TO DO =>
Beneath this instruction is a listing; print exactly the lines in it starting at the line that contains "theory Defs" and going through the line that contains "sqrt (N p) / 16 values".

DATASET EXCERPTS =>

definition ext_halflines :: "'e set \<Rightarrow> ('e \<Rightarrow> 'v) \<Rightarrow> ('e \<Rightarrow> 'v) \<Rightarrow> 'v \<Rightarrow> 'v \<Rightarrow> 'v set
     \<Rightarrow> ('v, 'e) halfline set" where
  "ext_halflines E src tgt vA vB S =
     {Internal e b | e b. e \<in> E \<and> attach src tgt (Internal e b) \<in> S \<and> \<not> (src e \<in> S \<and> tgt e \<in> S)}
     \<union> {Leg v | v. v \<in> {vA, vB} \<and> v \<in> S}"

definition generalized_tadpole :: "'e set \<Rightarrow> ('e \<Rightarrow> 'v) \<Rightarrow> ('e \<Rightarrow> 'v) \<Rightarrow> 'v \<Rightarrow> 'v \<Rightarrow> 'v set \<Rightarrow> bool" where
  "generalized_tadpole E src tgt vA vB S \<longleftrightarrow> connected_set E src tgt S \<and>
     card (ext_halflines E src tgt vA vB S) = 2 \<and>
     (\<exists>v\<in>S. \<forall>h\<in>ext_halflines E src tgt vA vB S. attach src tgt h = v)"

definition AB_cut :: "'v set \<Rightarrow> 'e set \<Rightarrow> ('e \<Rightarrow> 'v) \<Rightarrow> ('e \<Rightarrow> 'v) \<Rightarrow> 'v \<Rightarrow> 'v \<Rightarrow> 'v set \<Rightarrow> 'v set \<Rightarrow> bool" where
  "AB_cut V E src tgt vA vB A B \<longleftrightarrow> A \<union> B = V \<and> A \<inter> B = {} \<and> vA \<in> A \<and> vB \<in> B \<and>
     connected_set E src tgt A \<and> connected_set E src tgt B"

definition exhausting_sequence_of_cuts ::
  "'v set \<Rightarrow> 'e set \<Rightarrow> ('e \<Rightarrow> 'v) \<Rightarrow> ('e \<Rightarrow> 'v) \<Rightarrow> 'v \<Rightarrow> 'v \<Rightarrow> (nat \<Rightarrow> 'v set) \<Rightarrow> bool" where
  "exhausting_sequence_of_cuts V E src tgt vA vB A \<longleftrightarrow>
     A 0 = {} \<and> A (card V) = V \<and> (\<forall>i < card V. A i \<subset> A (Suc i)) \<and>
     (\<forall>p. 1 \<le> p \<and> p \<le> card V - 1 \<longrightarrow> AB_cut V E src tgt vA vB (A p) (V - A p))"

end

theory Submission
  imports Defs
begin

text \<open>Cuts are built greedily. Starting from A = {vA}, one repeatedly moves into A a vertex x of
  the current B = V - A that is adjacent to A, differs from vB, and whose removal leaves B connected.
  If no such x existed, removing a vertex would cut off a pocket of B - {vB}, and passing to ever
  smaller pockets one reaches a connected K \<subseteq> V - {vA, vB} all of whose neighbours lie in K or
  at a single vertex v. All vertices of K have degree 4, so K has an even, nonzero number of
  external half-lines, all ending at v; then K \<union> {v} has exactly two external half-lines, both at
  v (counting the external leg if v is external), i.e. it is a generalized tadpole.\<close>

locale graph_ends =
  fixes E :: "'e set" and src tgt :: "'e \<Rightarrow> 'v"
begin

definition adjacent :: "'v \<Rightarrow> 'v \<Rightarrow> bool" where
  "adjacent a w \<longleftrightarrow> (\<exists>e\<in>E. (src e = a \<and> tgt e = w) \<or> (src e = w \<and> tgt e = a))"

lemma adjacent_sym: "adjacent a w \<Longrightarrow> adjacent w a"
  unfolding adjacent_def by auto

lemma adjacent_ends:
  "e \<in> E \<Longrightarrow> adjacent (attach src tgt (Internal e b)) (attach src tgt (Internal e (\<not> b)))"
  unfolding adjacent_def by auto

definition neighbours :: "'v set \<Rightarrow> 'v set" where
  "neighbours S = {w. \<exists>a\<in>S. adjacent a w}"

lemma neighboursI: "a \<in> S \<Longrightarrow> adjacent a w \<Longrightarrow> w \<in> neighbours S"
  unfolding neighbours_def by blast

lemma inner_adj_iff: "(a, w) \<in> inner_adj E src tgt S \<longleftrightarrow> a \<in> S \<and> w \<in> S \<and> adjacent a w"
  unfolding inner_adj_def adjacent_def by auto

lemma sym_inner_adj: "sym (inner_adj E src tgt S)"
  by (rule symI) (simp add: inner_adj_iff adjacent_sym)

lemma inner_adj_mono: "S \<subseteq> T \<Longrightarrow> inner_adj E src tgt S \<subseteq> inner_adj E src tgt T"
  by (auto simp: inner_adj_iff)

definition component :: "'v set \<Rightarrow> 'v \<Rightarrow> 'v set" where
  "component S r = {z. (r, z) \<in> (inner_adj E src tgt S)\<^sup>*}"

lemma root_in_component: "r \<in> component S r"
  by (simp add: component_def)

lemma component_sym: "z \<in> component S r \<Longrightarrow> r \<in> component S z"
  unfolding component_def using symD[OF sym_rtrancl[OF sym_inner_adj]] by blast

lemma component_eq: "z \<in> component S r \<Longrightarrow> component S z = component S r"
  using component_sym unfolding component_def by (blast intro: rtrancl_trans)

lemma component_mono: "S \<subseteq> T \<Longrightarrow> component S r \<subseteq> component T r"
  unfolding component_def using rtrancl_mono[OF inner_adj_mono] by blast

lemma component_subset:
  assumes "r \<in> S" shows "component S r \<subseteq> S"
proof
  fix z assume "z \<in> component S r"
  then have "(r, z) \<in> (inner_adj E src tgt S)\<^sup>*" by (simp add: component_def)
  then show "z \<in> S" by (induction rule: rtrancl_induct) (use assms in \<open>auto simp: inner_adj_iff\<close>)
qed

lemma component_adjacent:
  assumes "r \<in> S" "a \<in> component S r" "w \<in> S" "adjacent a w"
  shows "w \<in> component S r"
proof -
  have "(a, w) \<in> inner_adj E src tgt S"
    using assms component_subset by (auto simp: inner_adj_iff)
  then show ?thesis using assms(2) unfolding component_def by (simp add: rtrancl_into_rtrancl)
qed

lemma connected_set_iff_subset_component:
  assumes "r \<in> S" shows "connected_set E src tgt S \<longleftrightarrow> S \<subseteq> component S r"
proof
  assume "connected_set E src tgt S"
  then show "S \<subseteq> component S r" using assms by (auto simp: connected_set_def component_def)
next
  assume sub: "S \<subseteq> component S r"
  have "(x, y) \<in> (inner_adj E src tgt S)\<^sup>*" if "x \<in> S" "y \<in> S" for x y
  proof -
    have "r \<in> component S x" "y \<in> component S r" using sub that component_sym by blast+
    then show ?thesis unfolding component_def by (blast intro: rtrancl_trans)
  qed
  then show "connected_set E src tgt S" using assms by (auto simp: connected_set_def)
qed
(* Let $p=p(n)\le 1/2$ with $np\to\infty$, let $N=N(n)$ be an integer with $n-\sqrt n\le N\le n$, and let $d=d(n)$ be an integer with $d\ge np/2$. Let $A_1,\dots,A_d,B_1,\dots,B_d$ be independent $\mathrm{Bin}(N,p)$ random variables. Then the probability that the multisets $\{A_1,\dots,A_d\}$ and $\{B_1,\dots,B_d\}$ are equal is at most $\exp\big(-\Omega(\sqrt{np}\,\log(np))\big)$. *)

theory Defs
  imports "HOL-Probability.Probability"
begin

definition bin_vec :: "nat \<Rightarrow> nat \<Rightarrow> real \<Rightarrow> (nat \<Rightarrow> nat) pmf" where
  "bin_vec d N p = Pi_pmf {..<d} 0 (\<lambda>_. binomial_pmf N p)"

definition multiset_eq_prob :: "nat \<Rightarrow> nat \<Rightarrow> real \<Rightarrow> real" where
  "multiset_eq_prob d N p =
     measure_pmf.prob (pair_pmf (bin_vec d N p) (bin_vec d N p))
       {(a, b). image_mset a (mset_set {..<d}) = image_mset b (mset_set {..<d})}"

end

theory Submission
  imports Defs "HOL-Combinatorics.Multiset_Permutations" "HOL-Real_Asymp.Real_Asymp"
begin

text \<open>
  Since A and B are independent and identically distributed, the probability that their multisets
  agree is at most the largest probability that the multiset of A equals a fixed multiset M with
  multiplicities c_k. That probability is the multinomial expression
  d! \<Prod>_k q_k^c_k / c_k! in the binomial weights q_k, and Stirling's formula bounds it by
  e d times a product of Poisson point masses with means d q_k. Each of these is at most 1,
  and at most 4 / sqrt (d q_k) once d q_k \<ge> 1. By Chebyshev's inequality some value near the mean N p has weight
  of order 1 / sqrt (N p), and the binomial weights decay slowly above the mean, so about
  sqrt (N p) / 16 values have weight at least 1 / (14 sqrt (N p)). For them d q_k is of order
  sqrt (n p), whence a bound (C / (n p)^(1/4))^(sqrt (n p) / 16) = exp (- \<Omega> (sqrt (n p) log (n p))),
  up to the factor e d, which is absorbed because the bound improves as d grows.
\<close>

section \<open>Stirling-type bounds and Poisson point masses\<close>

lemma ln_add_one_le_cubic:
  fixes x :: real
  assumes "0 \<le> x"
  shows "ln (1 + x) \<le> x - x\<^sup>2 / 2 + x ^ 3 / 3"
proof -
  let ?f = "\<lambda>x::real. x - x\<^sup>2 / 2 + x ^ 3 / 3 - ln (1 + x)"
  have "?f 0 \<le> ?f x"
  proof (rule DERIV_nonneg_imp_nondecreasing[OF assms])
    fix y :: real
    assume "0 \<le> y"
    then have "(?f has_real_derivative y ^ 3 / (1 + y)) (at y)"
      by (auto intro!: derivative_eq_intros simp: field_simps power2_eq_square power3_eq_cube)
    with \<open>0 \<le> y\<close> show "\<exists>D. (?f has_real_derivative D) (at y) \<and> 0 \<le> D"
      by auto
  qed
  then show ?thesis
    by simp
qed

text \<open>The term 1 / (2 c) only serves to make the induction go through.\<close>

lemma ln_fact_ge:
  assumes "1 \<le> c"
  shows "(real c + 1/2) * ln (real c) - real c + 1 / (2 * real c) \<le> ln (fact c)"
  using assms
proof (induction c rule: dec_induct)
  case base
  show ?case by simp
next
  case (step c)
  define x where "x = 1 / real c"
  have c: "1 \<le> real c"
    using step.hyps by simp
  have x: "0 < x" "x \<le> 1"
    using c by (auto simp: x_def)
  have "(real c + 1/2) * ln (1 + x) \<le> (real c + 1/2) * (x - x\<^sup>2 / 2 + x ^ 3 / 3)"
    using ln_add_one_le_cubic[of x] x by (intro mult_left_mono) auto
  also have "\<dots> = 1 + x\<^sup>2 / 12 + x ^ 3 / 6"
    using c by (simp add: x_def field_simps power2_eq_square power3_eq_cube)
  also have "\<dots> \<le> 1 + x\<^sup>2 / 4"
    using x power_decreasing[of 2 3 x] by simp
  also have "\<dots> = 1 + 1 / (4 * real c * real c)"
    by (simp add: x_def power2_eq_square)
  also have "\<dots> \<le> 1 + 1 / (2 * real c * (real c + 1))"
    using c by (intro add_left_mono divide_left_mono) (auto simp: algebra_simps intro!: add_pos_pos mult_pos_pos)
  also have "1 / (2 * real c * (real c + 1)) = 1 / (2 * real c) - 1 / (2 * real (Suc c))"
    using c by (simp add: field_simps)
  finally have key: "(real c + 1/2) * ln (1 + x) \<le> 1 + (1 / (2 * real c) - 1 / (2 * real (Suc c)))" .
  have "real (Suc c) = real c * (1 + x)"
    using c by (simp add: x_def field_simps)
  then have "ln (real (Suc c)) = ln (real c) + ln (1 + x)"
    using c x by (simp add: ln_mult del: of_nat_Suc)
  moreover have "ln (fact (Suc c)) = ln (fact c) + ln (real (Suc c))"
    by (simp add: ln_mult del: of_nat_Suc)
  ultimately show ?case
    using step.IH key by (simp add: algebra_simps)
qed

lemma fact_ge_sqrt_mult_pow:
  assumes "1 \<le> c"
  shows "sqrt (real c) * (real c / exp 1) ^ c \<le> fact c"
proof -
  have c: "1 \<le> real c"
    using assms by simp
  have "ln (sqrt (real c) * (real c / exp 1) ^ c) = (real c + 1/2) * ln (real c) - real c"
    using c by (simp add: ln_mult ln_sqrt ln_div ln_realpow algebra_simps)
  also have "\<dots> \<le> ln (fact c)"
    using ln_fact_ge[OF assms] divide_nonneg_nonneg[of 1 "2 * real c"] by linarith
  finally show ?thesis
    using c by (subst (asm) ln_le_cancel_iff) auto
qed
lemma vnorm_eq_0_iff: "vnorm v = 0 \<longleftrightarrow> v = 0\<^sub>v (dim_vec v)"
proof
  assume "vnorm v = 0"
  then have "\<forall>i\<in>{0..<dim_vec v}. v $ i = 0"
    unfolding vnorm_eq_L2_set by (simp add: L2_set_eq_0_iff)
  then show "v = 0\<^sub>v (dim_vec v)" by (intro eq_vecI) auto
next
  assume "v = 0\<^sub>v (dim_vec v)"
  then show "vnorm v = 0" unfolding vnorm_eq_L2_set by (metis L2_set_0' index_zero_vec(1) atLeastLessThan_iff)
qed

lemma vnorm_unit_vec: "0 < n \<Longrightarrow> vnorm (unit_vec n 0 :: real vec) = 1"
  unfolding vnorm_def by simp

lemma vnorm_normalize:
  fixes x :: "real vec"
  assumes "x \<noteq> 0\<^sub>v (dim_vec x)"
  shows "0 < vnorm x" "vnorm ((1 / vnorm x) \<cdot>\<^sub>v x) = 1"
proof -
  show "0 < vnorm x" using assms vnorm_eq_0_iff vnorm_nonneg[of x] by force
  then show "vnorm ((1 / vnorm x) \<cdot>\<^sub>v x) = 1" by (simp add: vnorm_smult)
qed

lemma abs_scalar_prod_le: "dim_vec v = dim_vec w \<Longrightarrow> \<bar>v \<bullet> w\<bar> \<le> vnorm v * vnorm w"
  unfolding vnorm_eq_L2_set scalar_prod_def
  by (rule order_trans[OF sum_abs]) (simp add: abs_mult L2_set_mult_ineq)

lemma vnorm_mult_mat_vec_le_rows:
  fixes M :: "real mat"
  assumes x: "x \<in> carrier_vec (dim_col M)"
  shows "vnorm (M *\<^sub>v x) \<le> L2_set (\<lambda>i. vnorm (row M i)) {0..<dim_row M} * vnorm x"
proof -
  have "vnorm (M *\<^sub>v x) = L2_set (\<lambda>i. row M i \<bullet> x) {0..<dim_row M}"
    unfolding vnorm_eq_L2_set by (rule L2_set_cong) auto
  also have "\<dots> \<le> L2_set (\<lambda>i. vnorm x * vnorm (row M i)) {0..<dim_row M}"
  proof (rule L2_set_mono_abs)
    fix i assume "i \<in> {0..<dim_row M}"
    then show "\<bar>row M i \<bullet> x\<bar> \<le> vnorm x * vnorm (row M i)"
      using abs_scalar_prod_le[of "row M i" x] x by (simp add: mult.commute)
  qed
  also have "\<dots> = vnorm x * L2_set (\<lambda>i. vnorm (row M i)) {0..<dim_row M}"
    by (simp add: L2_set_const_mult vnorm_nonneg)
  finally show ?thesis by (simp add: mult.commute)
qed

lemma vnorm_mult_mat_vec_le_opnorm2:
  fixes M :: "real mat"
  assumes x: "x \<in> carrier_vec (dim_col M)"
  shows "vnorm (M *\<^sub>v x) \<le> opnorm2 M * vnorm x"
proof (cases "x = 0\<^sub>v (dim_col M)")
  case True
  then have "M *\<^sub>v x = 0\<^sub>v (dim_row M)" by (intro eq_vecI) auto
  then show ?thesis using True by (simp add: vnorm_eq_0_iff[THEN iffD2])
next
  case False
  then have nz: "x \<noteq> 0\<^sub>v (dim_vec x)" using x by simp
  define y where "y = (1 / vnorm x) \<cdot>\<^sub>v x"
  note N = vnorm_normalize[OF nz, folded y_def]
  have "bdd_above {vnorm (M *\<^sub>v x) | x. x \<in> carrier_vec (dim_col M) \<and> vnorm x = 1}"
    by (rule bdd_aboveI[of _ "L2_set (\<lambda>i. vnorm (row M i)) {0..<dim_row M}"])
      (use vnorm_mult_mat_vec_le_rows in force)
  then have "vnorm (M *\<^sub>v y) \<le> opnorm2 M"
    unfolding opnorm2_def by (rule cSup_upper[rotated]) (use x N in \<open>auto simp: y_def\<close>)
  moreover have "M *\<^sub>v y = (1 / vnorm x) \<cdot>\<^sub>v (M *\<^sub>v x)"
    unfolding y_def using x by (intro mult_mat_vec[of M "dim_row M" "dim_col M"]) auto
  ultimately show ?thesis
    using N(1) by (simp add: vnorm_smult field_simps)
qed

lemma sigma_min_mult_le:
  fixes M :: "real mat"
  assumes x: "x \<in> carrier_vec (dim_col M)"
  shows "sigma_min M * vnorm x \<le> vnorm (M *\<^sub>v x)"
proof (cases "x = 0\<^sub>v (dim_col M)")
  case True
  then show ?thesis by (simp add: vnorm_eq_0_iff[THEN iffD2] vnorm_nonneg)
next
  case False
  then have nz: "x \<noteq> 0\<^sub>v (dim_vec x)" using x by simp
  define y where "y = (1 / vnorm x) \<cdot>\<^sub>v x"
  note N = vnorm_normalize[OF nz, folded y_def]
  have "bdd_below {vnorm (M *\<^sub>v x) | x. x \<in> carrier_vec (dim_col M) \<and> vnorm x = 1}"
    by (rule bdd_belowI[of _ 0]) (auto simp: vnorm_nonneg)
  then have "sigma_min M \<le> vnorm (M *\<^sub>v y)"
    unfolding sigma_min_def by (rule cInf_lower[rotated]) (use x N in \<open>auto simp: y_def\<close>)
  moreover have "M *\<^sub>v y = (1 / vnorm x) \<cdot>\<^sub>v (M *\<^sub>v x)"
    unfolding y_def using x by (intro mult_mat_vec[of M "dim_row M" "dim_col M"]) auto
  ultimately show ?thesis
    using N(1) by (simp add: vnorm_smult field_simps)
qed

FINAL ANSWER =>
theory Defs
  imports "HOL-Probability.Probability"
begin

definition bin_vec :: "nat \<Rightarrow> nat \<Rightarrow> real \<Rightarrow> (nat \<Rightarrow> nat) pmf" where
  "bin_vec d N p = Pi_pmf {..<d} 0 (\<lambda>_. binomial_pmf N p)"

definition multiset_eq_prob :: "nat \<Rightarrow> nat \<Rightarrow> real \<Rightarrow> real" where
  "multiset_eq_prob d N p =
     measure_pmf.prob (pair_pmf (bin_vec d N p) (bin_vec d N p))
       {(a, b). image_mset a (mset_set {..<d}) = image_mset b (mset_set {..<d})}"

end

theory Submission
  imports Defs "HOL-Combinatorics.Multiset_Permutations" "HOL-Real_Asymp.Real_Asymp"
begin

text \<open>
  Since A and B are independent and identically distributed, the probability that their multisets
  agree is at most the largest probability that the multiset of A equals a fixed multiset M with
  multiplicities c_k. That probability is the multinomial expression
  d! \<Prod>_k q_k^c_k / c_k! in the binomial weights q_k, and Stirling's formula bounds it by
  e d times a product of Poisson point masses with means d q_k. Each of these is at most 1,
  and at most 4 / sqrt (d q_k) once d q_k \<ge> 1. By Chebyshev's inequality some value near the mean N p has weight
  of order 1 / sqrt (N p), and the binomial weights decay slowly above the mean, so about
  sqrt (N p) / 16 values have weight at least 1 / (14 sqrt (N p)). For them d q_k is of order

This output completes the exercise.